TRY IT.
Retype, without any change, the line that contains "(\<exists>f :: (nat" and every line that follows it to the end of the entries, and nothing else.

DATA FOR THE TASK.
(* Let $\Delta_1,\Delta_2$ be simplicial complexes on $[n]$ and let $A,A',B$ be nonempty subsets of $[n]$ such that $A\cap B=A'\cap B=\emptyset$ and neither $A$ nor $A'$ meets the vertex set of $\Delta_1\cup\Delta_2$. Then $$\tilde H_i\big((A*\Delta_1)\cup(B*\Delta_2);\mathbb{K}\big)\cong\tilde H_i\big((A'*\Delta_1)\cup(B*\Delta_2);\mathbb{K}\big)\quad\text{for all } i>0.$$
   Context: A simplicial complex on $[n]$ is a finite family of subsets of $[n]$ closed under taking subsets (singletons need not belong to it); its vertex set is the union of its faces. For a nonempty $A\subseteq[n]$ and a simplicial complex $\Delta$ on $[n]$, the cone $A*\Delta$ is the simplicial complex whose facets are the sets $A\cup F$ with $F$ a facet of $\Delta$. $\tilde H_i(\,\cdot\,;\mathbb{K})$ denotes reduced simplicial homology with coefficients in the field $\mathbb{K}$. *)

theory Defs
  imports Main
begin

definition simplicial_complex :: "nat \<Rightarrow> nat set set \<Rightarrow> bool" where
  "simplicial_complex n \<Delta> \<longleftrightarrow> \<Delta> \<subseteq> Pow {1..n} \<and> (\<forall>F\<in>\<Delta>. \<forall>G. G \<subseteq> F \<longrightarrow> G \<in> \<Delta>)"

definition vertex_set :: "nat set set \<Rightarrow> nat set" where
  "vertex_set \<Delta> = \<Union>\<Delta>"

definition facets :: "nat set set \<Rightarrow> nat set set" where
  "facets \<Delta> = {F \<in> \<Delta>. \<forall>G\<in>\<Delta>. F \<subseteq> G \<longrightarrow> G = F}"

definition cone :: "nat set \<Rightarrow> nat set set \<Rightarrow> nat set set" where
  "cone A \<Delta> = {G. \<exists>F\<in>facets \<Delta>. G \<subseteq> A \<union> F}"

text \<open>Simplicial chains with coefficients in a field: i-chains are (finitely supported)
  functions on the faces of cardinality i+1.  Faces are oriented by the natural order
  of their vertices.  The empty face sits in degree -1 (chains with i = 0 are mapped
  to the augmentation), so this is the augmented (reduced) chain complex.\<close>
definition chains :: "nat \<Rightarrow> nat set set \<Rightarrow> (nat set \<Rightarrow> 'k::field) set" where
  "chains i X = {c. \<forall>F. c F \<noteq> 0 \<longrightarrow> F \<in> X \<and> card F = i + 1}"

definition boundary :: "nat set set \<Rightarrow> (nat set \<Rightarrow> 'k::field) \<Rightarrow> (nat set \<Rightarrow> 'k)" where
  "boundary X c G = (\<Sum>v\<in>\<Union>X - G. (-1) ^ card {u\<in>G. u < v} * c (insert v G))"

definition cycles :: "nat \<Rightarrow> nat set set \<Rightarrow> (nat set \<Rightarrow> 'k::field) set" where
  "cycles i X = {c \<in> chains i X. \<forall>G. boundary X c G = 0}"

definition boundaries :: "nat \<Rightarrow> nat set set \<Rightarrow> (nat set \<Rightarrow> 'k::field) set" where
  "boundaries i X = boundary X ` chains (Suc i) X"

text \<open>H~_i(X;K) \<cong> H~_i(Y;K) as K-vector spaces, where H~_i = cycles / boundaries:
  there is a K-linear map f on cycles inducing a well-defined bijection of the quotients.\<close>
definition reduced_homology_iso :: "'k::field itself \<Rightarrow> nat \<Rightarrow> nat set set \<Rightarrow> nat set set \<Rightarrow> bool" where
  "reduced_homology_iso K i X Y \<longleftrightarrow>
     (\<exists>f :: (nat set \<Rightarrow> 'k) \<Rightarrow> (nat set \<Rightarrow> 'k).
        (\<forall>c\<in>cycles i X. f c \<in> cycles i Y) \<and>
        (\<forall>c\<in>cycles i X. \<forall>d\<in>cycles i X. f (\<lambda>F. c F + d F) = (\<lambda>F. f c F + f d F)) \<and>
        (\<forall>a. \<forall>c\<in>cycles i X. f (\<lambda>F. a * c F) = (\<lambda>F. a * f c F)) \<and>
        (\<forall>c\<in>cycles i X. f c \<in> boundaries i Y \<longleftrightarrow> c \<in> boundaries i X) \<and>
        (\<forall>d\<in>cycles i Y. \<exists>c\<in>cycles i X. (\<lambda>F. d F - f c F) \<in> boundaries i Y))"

WRITTEN ANSWER.
     (\<exists>f :: (nat set \<Rightarrow> 'k) \<Rightarrow> (nat set \<Rightarrow> 'k).
        (\<forall>c\<in>cycles i X. f c \<in> cycles i Y) \<and>
        (\<forall>c\<in>cycles i X. \<forall>d\<in>cycles i X. f (\<lambda>F. c F + d F) = (\<lambda>F. f c F + f d F)) \<and>
        (\<forall>a. \<forall>c\<in>cycles i X. f (\<lambda>F. a * c F) = (\<lambda>F. a * f c F)) \<and>
        (\<forall>c\<in>cycles i X. f c \<in> boundaries i Y \<longleftrightarrow> c \<in> boundaries i X) \<and>
        (\<forall>d\<in>cycles i Y. \<exists>c\<in>cycles i X. (\<lambda>F. d F - f c F) \<in> boundaries i Y))"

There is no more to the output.